Work task: Reproduce the entries shown below only from the line with "E F \<le> l2sq" down to the line with "using bound order_trans by blast", keeping both end lines and copying each one exactly.

Given records:

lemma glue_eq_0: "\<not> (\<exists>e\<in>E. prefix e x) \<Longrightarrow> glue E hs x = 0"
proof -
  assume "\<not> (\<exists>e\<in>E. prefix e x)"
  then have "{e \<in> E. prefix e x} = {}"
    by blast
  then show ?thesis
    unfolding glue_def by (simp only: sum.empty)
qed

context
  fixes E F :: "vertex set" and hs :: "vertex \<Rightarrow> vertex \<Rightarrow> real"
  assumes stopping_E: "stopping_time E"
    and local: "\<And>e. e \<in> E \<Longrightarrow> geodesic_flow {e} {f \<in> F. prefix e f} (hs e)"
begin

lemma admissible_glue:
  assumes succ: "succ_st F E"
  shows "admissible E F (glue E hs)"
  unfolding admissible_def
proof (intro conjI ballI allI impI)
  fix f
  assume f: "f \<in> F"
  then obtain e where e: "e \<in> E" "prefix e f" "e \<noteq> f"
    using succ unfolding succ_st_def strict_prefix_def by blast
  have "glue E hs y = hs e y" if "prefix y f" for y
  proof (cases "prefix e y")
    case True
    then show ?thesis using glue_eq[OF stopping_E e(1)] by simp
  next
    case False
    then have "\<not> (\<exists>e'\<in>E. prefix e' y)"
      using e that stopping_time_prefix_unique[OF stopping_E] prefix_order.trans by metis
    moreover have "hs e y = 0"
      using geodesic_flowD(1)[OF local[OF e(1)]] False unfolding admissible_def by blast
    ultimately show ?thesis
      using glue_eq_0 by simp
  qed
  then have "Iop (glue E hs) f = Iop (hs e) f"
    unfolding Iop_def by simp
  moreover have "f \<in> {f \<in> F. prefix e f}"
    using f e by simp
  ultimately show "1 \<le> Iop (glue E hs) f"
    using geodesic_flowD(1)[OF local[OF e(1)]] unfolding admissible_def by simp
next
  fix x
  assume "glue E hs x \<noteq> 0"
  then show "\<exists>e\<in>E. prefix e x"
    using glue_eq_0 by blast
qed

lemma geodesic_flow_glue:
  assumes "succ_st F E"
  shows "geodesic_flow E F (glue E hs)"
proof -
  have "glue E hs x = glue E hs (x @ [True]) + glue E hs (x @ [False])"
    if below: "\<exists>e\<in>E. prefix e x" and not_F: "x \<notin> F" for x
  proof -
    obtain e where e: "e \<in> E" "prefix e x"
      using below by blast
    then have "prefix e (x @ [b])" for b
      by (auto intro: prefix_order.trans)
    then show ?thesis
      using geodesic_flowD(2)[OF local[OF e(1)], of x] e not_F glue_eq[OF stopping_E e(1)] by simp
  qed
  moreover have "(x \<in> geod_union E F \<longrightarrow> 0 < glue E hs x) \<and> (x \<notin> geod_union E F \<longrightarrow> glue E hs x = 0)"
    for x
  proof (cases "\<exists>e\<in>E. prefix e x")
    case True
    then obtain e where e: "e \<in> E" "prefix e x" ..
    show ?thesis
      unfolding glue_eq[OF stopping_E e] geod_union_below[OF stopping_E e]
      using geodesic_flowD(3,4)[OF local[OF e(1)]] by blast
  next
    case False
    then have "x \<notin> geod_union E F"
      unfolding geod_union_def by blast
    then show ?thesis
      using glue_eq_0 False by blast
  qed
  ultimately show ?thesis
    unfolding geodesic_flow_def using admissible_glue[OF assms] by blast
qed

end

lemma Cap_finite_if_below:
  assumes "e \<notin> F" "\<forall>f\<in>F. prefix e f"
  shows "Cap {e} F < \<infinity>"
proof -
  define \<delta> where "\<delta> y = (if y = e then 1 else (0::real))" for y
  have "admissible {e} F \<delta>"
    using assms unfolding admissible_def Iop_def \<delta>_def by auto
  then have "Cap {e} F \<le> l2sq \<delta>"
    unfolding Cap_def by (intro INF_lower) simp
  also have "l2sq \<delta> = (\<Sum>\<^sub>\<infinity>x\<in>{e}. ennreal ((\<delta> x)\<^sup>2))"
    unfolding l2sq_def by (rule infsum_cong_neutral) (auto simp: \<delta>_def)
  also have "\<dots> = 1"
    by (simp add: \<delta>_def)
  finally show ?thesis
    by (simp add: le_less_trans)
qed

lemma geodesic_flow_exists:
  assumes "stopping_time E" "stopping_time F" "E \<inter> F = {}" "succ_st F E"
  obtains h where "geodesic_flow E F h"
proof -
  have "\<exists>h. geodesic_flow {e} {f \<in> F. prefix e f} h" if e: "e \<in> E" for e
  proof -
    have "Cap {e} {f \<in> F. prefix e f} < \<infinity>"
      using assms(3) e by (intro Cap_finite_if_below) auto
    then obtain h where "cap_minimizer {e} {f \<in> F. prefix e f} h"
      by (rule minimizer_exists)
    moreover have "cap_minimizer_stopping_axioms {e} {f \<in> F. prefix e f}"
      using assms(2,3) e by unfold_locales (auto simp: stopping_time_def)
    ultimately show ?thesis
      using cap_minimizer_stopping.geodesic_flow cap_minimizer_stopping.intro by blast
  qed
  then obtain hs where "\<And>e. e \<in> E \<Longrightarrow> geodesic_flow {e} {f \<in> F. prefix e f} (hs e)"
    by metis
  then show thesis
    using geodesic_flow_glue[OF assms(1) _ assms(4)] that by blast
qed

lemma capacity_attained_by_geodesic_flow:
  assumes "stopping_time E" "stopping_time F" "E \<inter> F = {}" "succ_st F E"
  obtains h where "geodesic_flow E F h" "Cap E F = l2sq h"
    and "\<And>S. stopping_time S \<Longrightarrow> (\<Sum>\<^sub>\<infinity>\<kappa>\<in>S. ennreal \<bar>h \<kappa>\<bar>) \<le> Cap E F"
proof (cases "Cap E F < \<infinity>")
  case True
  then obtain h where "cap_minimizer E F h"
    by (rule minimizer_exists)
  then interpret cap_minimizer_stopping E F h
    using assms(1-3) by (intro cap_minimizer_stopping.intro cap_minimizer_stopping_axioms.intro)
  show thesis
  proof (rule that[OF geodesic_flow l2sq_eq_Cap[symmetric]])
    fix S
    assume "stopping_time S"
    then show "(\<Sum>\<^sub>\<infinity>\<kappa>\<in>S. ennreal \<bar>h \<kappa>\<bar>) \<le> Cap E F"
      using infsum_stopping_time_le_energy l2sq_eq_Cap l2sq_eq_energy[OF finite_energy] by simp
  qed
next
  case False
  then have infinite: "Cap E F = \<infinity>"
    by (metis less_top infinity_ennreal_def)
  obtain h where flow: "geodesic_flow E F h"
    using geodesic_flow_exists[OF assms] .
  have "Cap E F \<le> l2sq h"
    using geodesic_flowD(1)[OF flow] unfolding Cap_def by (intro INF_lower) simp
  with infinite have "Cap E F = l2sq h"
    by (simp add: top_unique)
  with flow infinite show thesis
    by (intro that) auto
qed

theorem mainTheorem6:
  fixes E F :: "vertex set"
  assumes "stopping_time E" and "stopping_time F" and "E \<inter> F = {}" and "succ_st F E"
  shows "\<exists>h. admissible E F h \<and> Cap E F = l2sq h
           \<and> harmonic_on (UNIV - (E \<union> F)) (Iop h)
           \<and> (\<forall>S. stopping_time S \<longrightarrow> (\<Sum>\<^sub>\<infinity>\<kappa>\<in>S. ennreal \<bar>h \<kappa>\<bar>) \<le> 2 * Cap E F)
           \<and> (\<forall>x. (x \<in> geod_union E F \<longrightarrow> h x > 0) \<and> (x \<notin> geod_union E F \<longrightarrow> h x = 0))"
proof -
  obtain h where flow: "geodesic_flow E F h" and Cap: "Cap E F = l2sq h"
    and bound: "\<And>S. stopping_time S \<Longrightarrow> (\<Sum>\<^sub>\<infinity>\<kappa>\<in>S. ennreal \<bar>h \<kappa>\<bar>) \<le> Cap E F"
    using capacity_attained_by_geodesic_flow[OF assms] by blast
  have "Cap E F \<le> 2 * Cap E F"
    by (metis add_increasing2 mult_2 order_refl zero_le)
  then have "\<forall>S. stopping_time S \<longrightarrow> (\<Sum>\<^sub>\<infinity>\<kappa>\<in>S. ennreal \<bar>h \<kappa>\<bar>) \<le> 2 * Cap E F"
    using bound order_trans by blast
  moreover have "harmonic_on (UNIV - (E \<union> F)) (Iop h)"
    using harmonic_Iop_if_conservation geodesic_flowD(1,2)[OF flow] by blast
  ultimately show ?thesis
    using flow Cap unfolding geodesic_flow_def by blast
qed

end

Answer below:
  have "Cap E F \<le> l2sq h"
    using geodesic_flowD(1)[OF flow] unfolding Cap_def by (intro INF_lower) simp
  with infinite have "Cap E F = l2sq h"
    by (simp add: top_unique)
  with flow infinite show thesis
    by (intro that) auto
qed

theorem mainTheorem6:
  fixes E F :: "vertex set"
  assumes "stopping_time E" and "stopping_time F" and "E \<inter> F = {}" and "succ_st F E"
  shows "\<exists>h. admissible E F h \<and> Cap E F = l2sq h
           \<and> harmonic_on (UNIV - (E \<union> F)) (Iop h)
           \<and> (\<forall>S. stopping_time S \<longrightarrow> (\<Sum>\<^sub>\<infinity>\<kappa>\<in>S. ennreal \<bar>h \<kappa>\<bar>) \<le> 2 * Cap E F)
           \<and> (\<forall>x. (x \<in> geod_union E F \<longrightarrow> h x > 0) \<and> (x \<notin> geod_union E F \<longrightarrow> h x = 0))"
proof -
  obtain h where flow: "geodesic_flow E F h" and Cap: "Cap E F = l2sq h"
    and bound: "\<And>S. stopping_time S \<Longrightarrow> (\<Sum>\<^sub>\<infinity>\<kappa>\<in>S. ennreal \<bar>h \<kappa>\<bar>) \<le> Cap E F"
    using capacity_attained_by_geodesic_flow[OF assms] by blast
  have "Cap E F \<le> 2 * Cap E F"
    by (metis add_increasing2 mult_2 order_refl zero_le)
  then have "\<forall>S. stopping_time S \<longrightarrow> (\<Sum>\<^sub>\<infinity>\<kappa>\<in>S. ennreal \<bar>h \<kappa>\<bar>) \<le> 2 * Cap E F"
    using bound order_trans by blast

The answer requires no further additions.